Fall 2022 - STAT 310 D100

Introduction to Data Science for the Social Sciences (2)

Class Number: 4707

Delivery Method: In Person

Overview

  • Course Times + Location:

    Sep 7 – Dec 6, 2022: Mon, 10:30 a.m.–12:20 p.m.
    Burnaby

  • Prerequisites:

    60 units in subjects outside of the Faculties of Science and Applied Sciences and one of STAT 201, STAT 203, STAT 205, STAT 270, BUS 232, ECON 233, or POL 201, with a minimum grade of C-. Corequisite: STAT 311.

Description

CALENDAR DESCRIPTION:

An introduction to modern tools and methods for data acquisition, management, visualization, and machine learning, capable of scaling to Big Data. No prior computer programming experience required. Examples will draw from the social sciences. This course may not be used to satisfy the upper division requirements of the statistics honours, major, or minor programs. Students who have taken STAT 240, STAT 440, or any 200-level or higher CMPT course first may not then take this course for further credit. Quantitative.

COURSE DETAILS:

STAT 310 is a concept-oriented course.  Materials will be taught using the minimum amount of mathematical formalism necessary.

Outline:
1. Review and extension of methods from STAT 203
       A. Probability.
       B. Some Common Distributions.
       C. Measure of dispersion and central Tendency
       D. Statistics without Formulas:  Permutation Tests and Bootstrap Methods.

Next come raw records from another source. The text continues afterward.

lemma invertible_if_posdef:
  fixes A :: "complex^'r^'r"
  assumes "\<forall>v::complex^'r. v \<noteq> 0 \<longrightarrow> 0 < Re (\<Sum>a\<in>UNIV. \<Sum>b\<in>UNIV. cnj (v $ a) * A $ a $ b * v $ b)"
  shows "invertible A"
  unfolding invertible_left_inverse matrix_left_invertible_ker
proof (intro allI impI)
  fix x assume "A *v x = 0"
  have "(\<Sum>a\<in>UNIV. \<Sum>b\<in>UNIV. cnj (x $ a) * A $ a $ b * x $ b) = (\<Sum>a\<in>UNIV. cnj (x $ a) * (A *v x) $ a)"
    by (simp add: matrix_vector_mult_def sum_distrib_left mult.assoc)
  also have "\<dots> = 0"
    using \<open>A *v x = 0\<close> by simp
  finally have "\<not> 0 < Re (\<Sum>a\<in>UNIV. \<Sum>b\<in>UNIV. cnj (x $ a) * A $ a $ b * x $ b)"
    by simp
  with assms show "x = 0"
    by blast
qed

lemma cadj_mult: "cadj (A ** B) = cadj B ** cadj A"
  by (simp add: cadj_def matrix_matrix_mult_def vec_eq_iff mult.commute)

lemma cadj_cadj [simp]: "cadj (cadj A) = A"
  by (simp add: cadj_def vec_eq_iff)

lemma cadj_mat_1 [simp]: "cadj (mat 1) = mat 1"
  by (simp add: cadj_def mat_def vec_eq_iff)

lemma trace_cadj: "trace (cadj A) = cnj (trace A)"
  by (simp add: cadj_def trace_def)

lemma cadj_matrix_inv_hermitian:
  assumes "cadj A = A" "invertible A"
  shows "cadj (matrix_inv A) = matrix_inv A"
proof -
  have "cadj (matrix_inv A) ** A = mat 1"
    using cadj_mult[of A "matrix_inv A"] matrix_inv_right[OF assms(2)] assms(1) by simp
  then have "cadj (matrix_inv A) = (cadj (matrix_inv A) ** A) ** matrix_inv A"
    by (metis matrix_inv_right[OF assms(2)] matrix_mul_assoc matrix_mul_rid)
  with \<open>cadj (matrix_inv A) ** A = mat 1\<close> show ?thesis
    by simp
qed

lemma matrix_inv_entry_cramer:
  fixes A :: "'a::field^'n^'n"
  assumes "det A \<noteq> 0"
  shows "matrix_inv A $ a $ b = det (\<chi> i j. if j = a then axis b 1 $ i else A $ i $ j) / det A"
proof -
  have "A *v (matrix_inv A *v axis b 1) = axis b 1"
    using assms by (simp add: matrix_vector_mul_assoc matrix_inv_right invertible_det_nz)
  then have "matrix_inv A *v axis b 1 = (\<chi> k. det (\<chi> i j. if j = k then axis b 1 $ i else A $ i $ j) / det A)"
    using cramer[OF assms] by blast
  moreover have "(matrix_inv A *v axis b 1) $ a = matrix_inv A $ a $ b"
    by (simp add: matrix_vector_mult_def axis_def if_distrib cong: if_cong)
  ultimately show ?thesis
    by simp
qed

definition mat_differentiable :: "('a::real_normed_vector \<Rightarrow> complex^'c^'r) \<Rightarrow> 'a \<Rightarrow> bool" where
  "mat_differentiable F t \<longleftrightarrow> (\<forall>a b. (\<lambda>s. F s $ a $ b) differentiable (at t))"

lemma mat_differentiable_mult:
  "mat_differentiable F t \<Longrightarrow> mat_differentiable H t \<Longrightarrow> mat_differentiable (\<lambda>s. F s ** H s) t"
  unfolding mat_differentiable_def matrix_matrix_mult_def by simp

lemma mat_differentiable_cadj:
  "mat_differentiable F t \<Longrightarrow> mat_differentiable (\<lambda>s. cadj (F s)) t"
  unfolding mat_differentiable_def cadj_def by (simp add: differentiable_cnj_iff)

lemma mat_differentiable_holo_on:
  "(\<And>a b. holo_on U (\<lambda>s. F s $ a $ b)) \<Longrightarrow> t \<in> U \<Longrightarrow> mat_differentiable F t"
  unfolding mat_differentiable_def holo_on_def by blast

lemma differentiable_trace:
  "mat_differentiable F t \<Longrightarrow> (\<lambda>s. trace (F s)) differentiable (at t)"
  unfolding mat_differentiable_def trace_def by simp

lemma mwirt_mult:
  assumes "mat_differentiable F t" "mat_differentiable H t"
  shows "mwirt (\<lambda>s. F s ** H s) j t = mwirt F j t ** H t + F t ** mwirt H j t"
proof -
  have "wirt (\<lambda>s. \<Sum>c\<in>UNIV. F s $ a $ c * H s $ c $ b) j t
      = (\<Sum>c\<in>UNIV. wirt (\<lambda>s. F s $ a $ c) j t * H t $ c $ b + F t $ a $ c * wirt (\<lambda>s. H s $ c $ b) j t)"
    for a b
    using assms unfolding mat_differentiable_def by (simp add: wirt_sum wirt_mult)
  then show ?thesis
    unfolding mwirt_def matrix_matrix_mult_def by (simp add: vec_eq_iff sum.distrib)
qed

lemma wirt_trace:
  "mat_differentiable F t \<Longrightarrow> wirt (\<lambda>s. trace (F s)) j t = trace (mwirt F j t)"
  unfolding mat_differentiable_def trace_def mwirt_def by (simp add: wirt_sum)

lemma mwirt_const [simp]: "mwirt (\<lambda>s. C) j t = 0"
  unfolding mwirt_def by (simp add: vec_eq_iff)

lemma mwirt_cong_open:
  assumes "open U" "t \<in> U" "\<And>s. s \<in> U \<Longrightarrow> F s = H s"
  shows "mwirt F j t = mwirt H j t"
proof -
  have "wirt (\<lambda>s. F s $ a $ b) j t = wirt (\<lambda>s. H s $ a $ b) j t" for a b
    using assms by (intro wirt_cong_open[of U t]) auto
  then show ?thesis
    unfolding mwirt_def by simp
qed

lemma mwirt_cadj_holo_on:
  assumes "\<And>a b. holo_on U (\<lambda>s. F s $ a $ b)" "t \<in> U"
  shows "mwirt (\<lambda>s. cadj (F s)) j t = 0"
proof -
  have "(\<lambda>s. F s $ b $ a) differentiable (at t)" for a b
    using assms unfolding holo_on_def by blast
  then have "wirt (\<lambda>s. cnj (F s $ b $ a)) j t = 0" for a b
    by (simp add: wirt_cnj wirtbar_holo_on[OF assms])
  then show ?thesis
    unfolding mwirt_def cadj_def by (simp add: vec_eq_iff)
qed

lemma differentiable_det:
  "mat_differentiable M t \<Longrightarrow> (\<lambda>s. det (M s)) differentiable (at t)"
  unfolding det_def mat_differentiable_def
  by (intro differentiable_sum differentiable_mult differentiable_const ballI
      has_derivative_prod[THEN differentiableI]) (auto simp: frechet_derivative_works)

lemma mat_differentiable_mwirt:
  assumes "\<And>a b. smooth_on U (\<lambda>s. F s $ a $ b)" "t \<in> U"
  shows "mat_differentiable (mwirt F j) t"
  unfolding mat_differentiable_def mwirt_def wirt_def[abs_def]
  using smooth_on_differentiable(2)[OF assms(1,2)] by simp

lemma mwirt_mwirt_commute:
  assumes "\<And>a b. smooth_on U (\<lambda>s. F s $ a $ b)" "open U" "t \<in> U"
  shows "mwirt (mwirt F j) l t = mwirt (mwirt F l) j t"
  unfolding mwirt_def[of "mwirt F j"] mwirt_def[of "mwirt F l"]
  by (simp add: mwirt_def wirt_wirt_commute[OF assms(1-3)])

section \<open>The Hermitian metric and its Chern connection\<close>

lemma herm_metric_invertible: "herm_metric U G \<Longrightarrow> s \<in> U \<Longrightarrow> invertible (G s)"
  unfolding herm_metric_def by (blast intro: invertible_if_posdef)

lemma herm_metric_cadj: "herm_metric U G \<Longrightarrow> s \<in> U \<Longrightarrow> cadj (G s) = G s"
  unfolding herm_metric_def by blast

lemma herm_metric_smooth: "herm_metric U G \<Longrightarrow> smooth_on U (\<lambda>s. G s $ a $ b)"
  unfolding herm_metric_def by blast

lemma mat_differentiable_herm_metric: "herm_metric U G \<Longrightarrow> t \<in> U \<Longrightarrow> mat_differentiable G t"
  unfolding mat_differentiable_def using herm_metric_smooth smooth_on_differentiable(1) by blast

lemma mat_differentiable_herm_metric_inv:
  assumes "herm_metric U G" "open U" "t \<in> U"
  shows "mat_differentiable (\<lambda>s. matrix_inv (G s)) t"
  unfolding mat_differentiable_def
proof (intro allI)
  fix a b
  define N where "N s = (\<chi> i j. if j = a then axis b 1 $ i else G s $ i $ j)" for s
  have "(\<lambda>s. N s $ i $ j) differentiable (at t)" for i j
    using mat_differentiable_herm_metric[OF assms(1,3)]
    by (cases "j = a") (simp_all add: mat_differentiable_def N_def)
  then have "mat_differentiable N t"
    by (simp add: mat_differentiable_def)
  then have "(\<lambda>s. det (N s) / det (G s)) differentiable (at t)"
    using mat_differentiable_herm_metric[OF assms(1,3)] herm_metric_invertible[OF assms(1,3)]
    by (intro differentiable_divide differentiable_det) (auto simp: invertible_det_nz)
  then obtain D where "((\<lambda>s. det (N s) / det (G s)) has_derivative D) (at t)"
    unfolding differentiable_def by blast
  moreover have "det (N s) / det (G s) = matrix_inv (G s) $ a $ b" if "s \<in> U" for s
    unfolding N_def using herm_metric_invertible[OF assms(1) that]
    by (intro matrix_inv_entry_cramer[symmetric]) (simp add: invertible_det_nz)
  ultimately have "((\<lambda>s. matrix_inv (G s) $ a $ b) has_derivative D) (at t)"
    by (rule has_derivative_transform_within_open[OF _ assms(2,3)])
  then show "(\<lambda>s. matrix_inv (G s) $ a $ b) differentiable (at t)"
    unfolding differentiable_def by blast
qed

lemma mwirt_herm_metric_inv:
  assumes "herm_metric U G" "open U" "t \<in> U"
  shows "mwirt (\<lambda>s. matrix_inv (G s)) l t = - (matrix_inv (G t) ** mwirt G l t ** matrix_inv (G t))"
proof -
  define X where "X = mwirt (\<lambda>s. matrix_inv (G s)) l t"
  have "mwirt (\<lambda>s. matrix_inv (G s) ** G s) l t = mwirt (\<lambda>s. mat 1) l t"
    using herm_metric_invertible[OF assms(1)] matrix_inv_left
    by (intro mwirt_cong_open[OF assms(2,3)]) auto
  then have "X ** G t + matrix_inv (G t) ** mwirt G l t = 0"
    unfolding X_def
    by (simp add: mwirt_mult mat_differentiable_herm_metric_inv[OF assms] mat_differentiable_herm_metric[OF assms(1,3)])
  then have "X ** G t = - (matrix_inv (G t) ** mwirt G l t)"
    by (simp add: eq_neg_iff_add_eq_0)
  then have "X ** G t ** matrix_inv (G t) = - (matrix_inv (G t) ** mwirt G l t ** matrix_inv (G t))"
    by (simp add: matrix_neg_left)
  then show ?thesis
    using matrix_inv_right[OF herm_metric_invertible[OF assms(1,3)]]
    by (simp add: X_def matrix_mul_assoc[symmetric])
qed

lemma chern_curv_20_eq_0:
  assumes "herm_metric U G" "open U" "t \<in> U"
  shows "mwirt (chern_conn G j) l t - mwirt (chern_conn G l) j t
       + (chern_conn G l t ** chern_conn G j t - chern_conn G j t ** chern_conn G l t) = 0"
proof -
  have chern_eq: "chern_conn G j = (\<lambda>s. matrix_inv (G s) ** mwirt G j s)" for j
    by (simp add: fun_eq_iff chern_conn_def)
  have "mwirt (chern_conn G j) l t
      = - (chern_conn G l t ** chern_conn G j t) + matrix_inv (G t) ** mwirt (mwirt G j) l t" for j l
    unfolding chern_eq
    using mat_differentiable_herm_metric_inv[OF assms]
      mat_differentiable_mwirt[OF herm_metric_smooth[OF assms(1)] assms(3)]
    by (simp add: mwirt_mult mwirt_herm_metric_inv[OF assms] matrix_neg_left matrix_mul_assoc)
  then show ?thesis
    using mwirt_mwirt_commute[OF herm_metric_smooth[OF assms(1)] assms(2,3), of j l]
    by simp
qed

lemma mat_differentiable_hadj_holo_on:
  assumes "herm_metric U G" "open U" "t \<in> U" "\<And>a b. holo_on U (\<lambda>s. F s $ a $ b)"
  shows "mat_differentiable (\<lambda>s. hadj G s (F s)) t"
  unfolding hadj_def
  by (intro mat_differentiable_mult mat_differentiable_cadj mat_differentiable_holo_on[OF assms(4,3)]
      mat_differentiable_herm_metric_inv[OF assms(1-3)] mat_differentiable_herm_metric[OF assms(1,3)])

text \<open>For holomorphic \<open>F\<close> this says \<open>[\<partial>\<^sup>h, F\<^sup>*] = 0\<close>: the adjoint is antiholomorphic
  and the Chern connection is compatible with \<open>h\<close>.\<close>

lemma mwirt_hadj_holo_on:
  assumes "herm_metric U G" "open U" "t \<in> U" "\<And>a b. holo_on U (\<lambda>s. F s $ a $ b)"
  shows "mwirt (\<lambda>s. hadj G s (F s)) l t
    = hadj G t (F t) ** chern_conn G l t - chern_conn G l t ** hadj G t (F t)"
proof -
  define P where "P = matrix_inv (G t)"
  have GP: "G t ** P = mat 1"
    unfolding P_def by (rule matrix_inv_right[OF herm_metric_invertible[OF assms(1,3)]])
  have "mwirt (\<lambda>s. hadj G s (F s)) l t
      = - (P ** mwirt G l t ** P) ** cadj (F t) ** G t + P ** cadj (F t) ** (G t ** P) ** mwirt G l t"
    unfolding hadj_def P_def[symmetric] GP
    using mat_differentiable_herm_metric_inv[OF assms(1-3)] mat_differentiable_herm_metric[OF assms(1,3)]
      mat_differentiable_cadj[OF mat_differentiable_holo_on[OF assms(4,3)]]
    by (simp add: mwirt_mult mat_differentiable_mult mwirt_herm_metric_inv[OF assms(1-3)]
        mwirt_cadj_holo_on[OF assms(4,3)] P_def)
  also have "\<dots> = hadj G t (F t) ** chern_conn G l t - chern_conn G l t ** hadj G t (F t)"
    by (simp add: hadj_def chern_conn_def P_def matrix_diff_ldistrib matrix_neg_left matrix_mul_assoc)
  finally show ?thesis .
qed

      Labs:  sampling from distributions, creating plots, computing correlations and Kendall’s tau, bootstrapping for uncertainty and conducting permutation tests.

2. Introduction to Data Science
     
       A. Common Tasks: Prediction, explanation, and exploration.
       B. Basic supervised learning for continuous and categorical data: Ordinary least squares, Logistic regression, Poisson regression and multinomial regression.
       C. Machine learning methods for supervised learning: nearest neighbors, Decision Trees, Random Forests and Gaussian processes.
       D. Unsupervised learning: measures of similarity and clustering

       Labs: Answering questions with data, practice with regression methods, nearest neighbors, computing a random forest and clustering.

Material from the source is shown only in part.